Wow that's terrible. I just tested it on windows and can reproduce that it's almost twice as slow as on Linux.
Replacing the default allocator with mimalloc gets me back to 1.6 seconds (versus the 1.8s to 2.1s that I get with Go).

Well, that's unfortunate. I guess this is hitting a pathological case in the windows system allocator. Minor notes on alloc behavior that might have an impact:

  • Reusing k as a buffer for write!ing into probably isn't going to do much, since you're immediately cloning the String afterwards anyway. (It might mean the string that's converted into the box is already tight and doesn't need to reallocate, though; I'm not sure.)
  • A 2x performance factor to Go on the same target is probably explainable by the Rust code having 2x the allocations. Go's GC will be able to share the strings between key and value in the map, whereas the Rust code gives each a separate allocation.
  • This (tiny strings as map key/values) is exactly the use case of a smart string which stores small strings (up to ~20 bytes) without a heap allocation.

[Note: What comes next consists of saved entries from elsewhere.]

lemma submatrix_one_cases:
  assumes "(i, j) \<in> gsupp Ys I J"
  shows "i \<in> served_rows \<or> j \<in> served_cols \<or>
    (\<exists>t\<in>both_kept. i \<in> {qrow t, m + t} \<and> j \<in> {qcol t, n + t}) \<or>
    (i, j) \<in> gsupp core core_rows core_cols"
proof -
  have ij: "i \<in> I" "j \<in> J" "Xs i j" using assms by (auto simp: gsupp_def)
  then have bounds: "i < m + card Q" "j < n + card Q" using rows_subset cols_subset by auto
  consider (old) "i < m" "j < n" | (new_col) "i < m" "\<not> j < n" | (new_row) "\<not> i < m" "j < n"
    | (new_both) "\<not> i < m" "\<not> j < n" by blast
  then show ?thesis
  proof cases
    case old
    show ?thesis
    proof (cases "i \<in> served_rows \<or> j \<in> served_cols \<or> (i, j) \<in> masked")
      case True
      then show ?thesis by (auto simp: masked_def)
    next
      case False
      with old ij show ?thesis
        by (auto simp: gsupp_def core_rows_def core_cols_def qmat_eq_One_iff stretch_old)
    qed
  next
    case new_col
    define t where "t = j - n"
    with new_col bounds have t: "t < card Q" "j = n + t" by auto
    with new_col ij have "i = qrow t" using stretch_new_col by simp
    with t ij show ?thesis
      by (cases "m + t \<in> I") (auto simp: both_kept_def served_rows_def col_kept_def)
  next
    case new_row
    define t where "t = i - m"
    with new_row bounds have t: "t < card Q" "i = m + t" by auto
    with new_row ij have "j = qcol t" using stretch_new_row by simp
    with t ij show ?thesis
      by (cases "n + t \<in> J") (auto simp: both_kept_def served_cols_def row_kept_def)
  next
    case new_both
    define t where "t = i - m"
    define s where "s = j - n"
    with t_def new_both bounds have ts: "t < card Q" "i = m + t" "s < card Q" "j = n + s" by auto
    with ij have "s = t" using stretch_new_diag by simp
    with ts ij show ?thesis by (auto simp: both_kept_def)
  qed
qed
(* Let $(G,+)$ be a finite abelian group, $(p_g)_{g\in G}\subset(0,1)$ with $\sum_gp_g=1$, $\Omega=G^{\mathbb N}$, $\mathbb P$ the Bernoulli measure $\mathbb P[g_0,\dots,g_{n-1}]=\prod_{j<n}p_{g_j}$, $N\ge2$ an integer, $\Phi:\Omega\to\Omega$ given by $(\Phi\omega)_j=\omega_j+\dots+\omega_{j+N-1}$, and $\mathbb P_0=\mathbb P\circ\Phi^{-1}$. Then: (a) $\mathbb P_0$ is $T$-invariant; (b) $\mathbb P_0$ is ψ-mixing; (c) if there exists $h\in G$ with $p_h>p_g$ for all $g\in G\setminus\{h\}$, then there exists $s\in G$ such that, for the constant sequence $\omega$ with $\omega_j=s$ for all $j\ge0$, the limit $\lim_{n\to\infty}\mathbb P_0(A^\omega_{n+1}\mid A^\omega_n)$ does not exist.
   Context: $T$ is the left shift on $G^{\mathbb N}$; cylinders $[g_0,\dots,g_{n-1}]=\{\omega:\omega_j=g_j,0\le j<n\}$; $A^\omega_n=[\omega_0,\dots,\omega_{n-1}]$. A probability measure $Q$ on $G^{\mathbb N}$ (with the σ-algebra $\mathcal F$ generated by coordinates) is ψ-mixing if there is a sequence $\psi_m\ge0$ with $\psi_m\to0$ such that $|Q(E\cap T^{-(n+m)}F)-Q(E)Q(F)|\le\psi_mQ(E)Q(F)$ for all $m,n\in\mathbb N$, $E$ in the σ-algebra generated by coordinates $0,\dots,n-1$, and $F\in\mathcal F$. *)

theory Defs
  imports "HOL-Probability.Probability"
begin

abbreviation SeqSp :: "(nat \<Rightarrow> 'g) measure" where
  "SeqSp \<equiv> Pi\<^sub>M UNIV (\<lambda>_. count_space UNIV)"

definition shift :: "(nat \<Rightarrow> 'g) \<Rightarrow> (nat \<Rightarrow> 'g)" where
  "shift \<omega> = (\<lambda>j. \<omega> (Suc j))"

definition cylinder :: "'g list \<Rightarrow> (nat \<Rightarrow> 'g) set" where
  "cylinder gs = {\<omega>. \<forall>j < length gs. \<omega> j = gs ! j}"

definition cyl_of :: "(nat \<Rightarrow> 'g) \<Rightarrow> nat \<Rightarrow> (nat \<Rightarrow> 'g) set" where
  "cyl_of \<omega> n = {\<omega>'. \<forall>j < n. \<omega>' j = \<omega> j}"

definition coord_sigma :: "nat \<Rightarrow> (nat \<Rightarrow> 'g) set set" where
  "coord_sigma n = sigma_sets UNIV {{\<omega>. \<omega> i \<in> A} | i A. i < n}"

definition psi_mixing :: "(nat \<Rightarrow> 'g) measure \<Rightarrow> bool" where
  "psi_mixing Q \<longleftrightarrow> (\<exists>\<psi> :: nat \<Rightarrow> real. (\<forall>m. \<psi> m \<ge> 0) \<and> \<psi> \<longlonglongrightarrow> 0 \<and>
     (\<forall>m n E F. E \<in> coord_sigma n \<and> F \<in> sets SeqSp \<longrightarrow>
        \<bar>measure Q (E \<inter> (shift ^^ (n + m)) -` F) - measure Q E * measure Q F\<bar>
          \<le> \<psi> m * measure Q E * measure Q F))"

definition block_sum :: "nat \<Rightarrow> (nat \<Rightarrow> 'g::comm_monoid_add) \<Rightarrow> (nat \<Rightarrow> 'g)" where
  "block_sum N \<omega> = (\<lambda>j. \<Sum>i<N. \<omega> (j + i))"

end

theory Submission
  imports Defs
begin

(*
  (a) Bernoulli measures are shift invariant and Phi commutes with the shift T, so
      P0 is T-invariant.
  (b) The first n coordinates of Phi w depend only on the first n + N - 1 coordinates of w.
      For P, an event about coordinates 0..<K is independent of T^-k F when k >= K, and for
      k < K the dependence is bounded by the factor c^-(K-k), c = min p.  Hence P0 is
      psi-mixing with psi_m = c^-(N-1) for m < N - 1 and psi_m = 0 afterwards.
  (c) A word of length n + N - 1 has all n block sums equal to s iff it is the periodic
      continuation of a word of length N with sum s.  Taking s = (N-1)h + g, where h is the
      heaviest and g the second heaviest letter, the dominant such periods are the N words
      h..hgh..h; so P0[s,...,s] of length qN + t + 1 behaves like W^(q+1) c_t.  The ratios
      P0(A_(n+1))/P0(A_n) therefore tend to c_1/c_0 along n = 1 (mod N) and to c_2/c_1 along
      n = 2 (mod N), and c_1^2 - c_0 c_2 = (p h - p g)^2 > 0 makes these limits differ.
*)

section \<open>Prefix words and cylinders\<close>

text \<open>Events of the form
  \<open>{\<omega>. prefix_word \<omega> K \<in> A}\<close> are exactly the events determined by coordinates \<open>0..<K\<close>.\<close>
definition prefix_word :: "(nat \<Rightarrow> 'g) \<Rightarrow> nat \<Rightarrow> 'g list" where
  "prefix_word \<omega> K = map \<omega> [0..<K]"

lemma length_prefix_word [simp]: "length (prefix_word \<omega> K) = K"
  by (simp add: prefix_word_def)

lemma nth_prefix_word [simp]: "j < K \<Longrightarrow> prefix_word \<omega> K ! j = \<omega> j"
  by (simp add: prefix_word_def)

lemma space_SeqSp [simp]: "space SeqSp = UNIV"
  by (simp add: space_PiM)

lemma cylinder_eq_prefix: "cylinder w = {\<omega>. prefix_word \<omega> (length w) = w}"
  by (auto simp: cylinder_def list_eq_iff_nth_eq)

lemma prefix_word_take: "k \<le> K \<Longrightarrow> prefix_word \<omega> k = take k (prefix_word \<omega> K)"
  by (simp add: prefix_word_def take_map)

lemma shift_power: "(shift ^^ k) \<omega> = (\<lambda>j. \<omega> (j + k))"
  by (induction k arbitrary: \<omega>) (auto simp: shift_def)

lemma prefix_word_add: "prefix_word \<omega> (k + l) = prefix_word \<omega> k @ prefix_word ((shift ^^ k) \<omega>) l"
  by (auto simp: list_eq_iff_nth_eq nth_append shift_power add.commute)

lemma finite_words_length: "finite {w :: 'g::finite list. length w = K}"
  using finite_lists_length_eq[of "UNIV :: 'g set" K] by simp

lemma finite_words_in: "finite {w \<in> A. length w = K}" for A :: "'g::finite list set"
  by (rule finite_subset[OF _ finite_words_length[of K]]) auto

lemma prefix_event_UN: "{\<omega>. prefix_word \<omega> K \<in> A} = (\<Union>w\<in>{w \<in> A. length w = K}. cylinder w)"
  by (auto simp: cylinder_eq_prefix)

lemma disjoint_cylinders: "disjoint_family_on cylinder {w \<in> A. length w = K}"
  by (auto simp: disjoint_family_on_def cylinder_eq_prefix)

lemma cylinder_sets: "cylinder w \<in> sets SeqSp"
proof -
  have "cylinder w = (\<Inter>j<length w. (\<lambda>\<omega>. \<omega> j) -` {w ! j} \<inter> space SeqSp)"
    by (auto simp: cylinder_def)
  also have "\<dots> \<in> sets SeqSp"
    using sets.top[of "SeqSp :: (nat \<Rightarrow> 'g) measure"]
    by (intro sets.countable_INT'' measurable_sets[OF measurable_component_singleton]) auto
  finally show ?thesis .
qed

lemma prefix_event_sets: "{\<omega>. prefix_word \<omega> K \<in> A} \<in> sets (SeqSp :: (nat \<Rightarrow> 'g::finite) measure)"
  unfolding prefix_event_UN using finite_words_in cylinder_sets by blast

lemma prefix_fun_measurable:
  "(\<lambda>\<omega>. F (prefix_word \<omega> K)) \<in> measurable (SeqSp :: (nat \<Rightarrow> 'g::finite) measure) (count_space UNIV)"
proof (rule measurableI)
  fix B
  have "(\<lambda>\<omega>. F (prefix_word \<omega> K)) -` B \<inter> space SeqSp = {\<omega>. prefix_word \<omega> K \<in> F -` B}"
    by auto
  then show "(\<lambda>\<omega>. F (prefix_word \<omega> K)) -` B \<inter> space SeqSp \<in> sets (SeqSp :: (nat \<Rightarrow> 'g) measure)"
    using prefix_event_sets by metis
qed auto

lemma shift_power_measurable: "shift ^^ k \<in> measurable SeqSp SeqSp"
proof -
  have "(\<lambda>\<omega> j. \<omega> (j + k)) \<in> measurable SeqSp SeqSp"
    by (rule measurable_PiM_single') (auto intro: measurable_component_singleton)
  then show ?thesis
    by (simp add: shift_power[abs_def])
qed

lemma shift_measurable: "shift \<in> measurable SeqSp SeqSp"
  using shift_power_measurable[of 1] by simp

lemma measure_prefix_event:
  fixes M :: "(nat \<Rightarrow> 'g::finite) measure"
  assumes "sets M = sets SeqSp" "finite_measure M"
  shows "measure M {\<omega>. prefix_word \<omega> K \<in> A} = (\<Sum>w \<in> {w \<in> A. length w = K}. measure M (cylinder w))"
  unfolding prefix_event_UN
  by (rule finite_measure.finite_measure_finite_Union)
     (use assms finite_words_in disjoint_cylinders cylinder_sets in auto)

lemma measure_eq_on_cylinders:
  fixes M M' :: "(nat \<Rightarrow> 'g::finite) measure"
  assumes sets: "sets M = sets SeqSp" "sets M' = sets SeqSp"
    and fin: "finite_measure M" "finite_measure M'"
    and eq: "\<And>w. measure M (cylinder w) = measure M' (cylinder w)"
  shows "M = M'"
proof (rule measure_eqI_PiM_infinite[OF sets _ fin(1)])
  fix J :: "nat set" and B :: "nat \<Rightarrow> 'g set"
  assume "finite J"
  then obtain K where K: "J \<subseteq> {..<K}"
    using finite_nat_bounded by blast
  define C where "C = {w. \<forall>i\<in>J. w ! i \<in> B i}"
  have "prod_emb UNIV (\<lambda>_. count_space UNIV) J (Pi\<^sub>E J B) = {\<omega>. prefix_word \<omega> K \<in> C}"
    using K by (force simp: prod_emb_def PiE_iff C_def)
  moreover have "measure M {\<omega>. prefix_word \<omega> K \<in> C} = measure M' {\<omega>. prefix_word \<omega> K \<in> C}"
    by (simp only: measure_prefix_event sets fin eq)
  ultimately show "emeasure M (prod_emb UNIV (\<lambda>_. count_space UNIV) J (Pi\<^sub>E J B))
      = emeasure M' (prod_emb UNIV (\<lambda>_. count_space UNIV) J (Pi\<^sub>E J B))"
    by (simp add: finite_measure.emeasure_eq_measure[OF fin(1)]
        finite_measure.emeasure_eq_measure[OF fin(2)])
qed

section \<open>Bernoulli measures\<close>

definition word_prob :: "('g \<Rightarrow> real) \<Rightarrow> 'g list \<Rightarrow> real" where
  "word_prob p w = prod_list (map p w)"

lemma word_prob_Nil [simp]: "word_prob p [] = 1"
  and word_prob_Cons [simp]: "word_prob p (a # v) = p a * word_prob p v"
  and word_prob_append [simp]: "word_prob p (u @ v) = word_prob p u * word_prob p v"
  by (simp_all add: word_prob_def)

lemma word_prob_conv_prod: "word_prob p w = (\<Prod>j<length w. p (w ! j))"
  unfolding word_prob_def prod.list_conv_set_nth by (simp add: atLeast0LessThan)

lemma word_prob_take: "t \<le> length w \<Longrightarrow> word_prob p (take t w) = (\<Prod>j<t. p (w ! j))"
  by (simp add: word_prob_conv_prod min_def)

lemma word_prob_replicate [simp]: "word_prob p (replicate n a) = p a ^ n"
  by (induction n) auto

lemma word_prob_lower_bound:
  assumes "\<And>g. c \<le> p g" "0 \<le> c"
  shows "c ^ length w \<le> word_prob p w"
proof (induction w)
  case (Cons a w)
  have "c * c ^ length w \<le> p a * word_prob p w"
    using Cons assms by (intro mult_mono) (auto intro: order_trans[of 0 c])
  then show ?case by simp
qed simp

This would allow eliminating most of the allocation pressure in the code.

This seems to be an allocator-benchmark, so one nitpick: Rc<String> has two allocations: one for the Rc and one for the string-data. You should use Rc<str> instead. It is probably not possible to do this without copying (this from impl works, but copies).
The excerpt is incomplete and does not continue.